Wednesday, April 4, 2012

Sometimes your clients say very inconvenient things

I know this and, as an attorney, have experienced it too often.  That is why I feel sorry for Dana Lydia Kaersvang.  She works for the Department of Justice.  Yesterday she was all set to argue an appeal before the 5th Circuit Court of Appeals.  The court was hearing a separate appeal by a group of physician owned hospitals on the Constitutionality of the Obamacare law.  Only poor Ms. Kaersvang never got a chance to argue her case.  Her client, Barack Obama, had just the day before very publicly and very loudly questioned whether there was precedent for a federal court to strike down a law that the court found to be unconstitutional which had been passed by the popularly elected Congress.  So just as my sister at the bar had begun to speak, Judge Jerry Smith interrupted her and asked whether it was her client's, and thus the Attorney General's and her, position that the court had no power to hear the appeal and, if the court felt the challenge had merit, to strike down a law that they determined was not allowed by the Constitution.  She did better than I probably would have.  She cited Marbury v.

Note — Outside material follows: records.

(* Let $\xi$ be a model and let $\phi$ be the unique minimizer of $P_{0,\xi}$ on $\mathcal{C}$. Then $\phi$ is constant on $[0,1]$ if and only if $\xi(t)=a t^2$ for some $a>0$ (i.e. $\xi=\xi_{SK}$).
   Context: A model is $\xi(t)=\sum_{p\ge2}\beta_p^2t^p$, real $\beta_p$ not all zero, with $\xi(1+\epsilon)<\infty$ for some $\epsilon>0$; $\xi_{SK}$ denotes a model with only the $p=2$ term, $\xi(t)=\beta_2^2t^2$. $\mathcal{C}$ is the set of $\phi\in C([0,1])$ with $\phi\ge0$, non-increasing and concave, and $P_{0,\xi}(\phi)=\int_0^1\big(\xi''(x)\phi(x)+\frac1{\phi(x)}\big)dx$. *)

theory Defs
  imports "HOL-Analysis.Analysis"
begin

definition is_model :: "(nat \<Rightarrow> real) \<Rightarrow> bool" where
  "is_model \<beta> \<longleftrightarrow> (\<exists>p\<ge>2. \<beta> p \<noteq> 0) \<and>
     (\<exists>\<epsilon>>0. summable (\<lambda>p. if p \<ge> 2 then (\<beta> p)^2 * (1 + \<epsilon>)^p else 0))"

definition xi :: "(nat \<Rightarrow> real) \<Rightarrow> real \<Rightarrow> real" where
  "xi \<beta> t = (\<Sum>p. if p \<ge> 2 then (\<beta> p)^2 * t^p else 0)"

definition classC :: "(real \<Rightarrow> real) set" where
  "classC = {\<phi>. continuous_on {0..1} \<phi> \<and> (\<forall>x\<in>{0..1}. 0 \<le> \<phi> x) \<and>
              antimono_on {0..1} \<phi> \<and> concave_on {0..1} \<phi>}"

text \<open>P_{0,xi}(phi) as an extended nonnegative real; 1/phi(x) is read as +infinity where phi(x)=0.\<close>
definition P0 :: "(nat \<Rightarrow> real) \<Rightarrow> (real \<Rightarrow> real) \<Rightarrow> ennreal" where
  "P0 \<beta> \<phi> = (\<integral>\<^sup>+ x \<in> {0..1}.
      ennreal (deriv (deriv (xi \<beta>)) x * \<phi> x) + (if \<phi> x = 0 then \<infinity> else ennreal (1 / \<phi> x)) \<partial>lborel)"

Madison for the long settled principle and precedent that the courts unquestionably had that power.  Nonetheless, Judge Smith suspended the argument and directed her to file in writing either an admission by the Attorney General and his client, the President, that the court has the power to review a Constitutional challenge to the Federal statute or to explain their rationale for why it did not.  Much backtracking has ensued.

2 comments:

Dave H said...

Years ago I heard attorneys referred to as "mouthpieces," but it sounds like some clients are more in need of a muzzle.

2cents said...

Most, in my experience. Hence the time honored tradition of getting a retainer.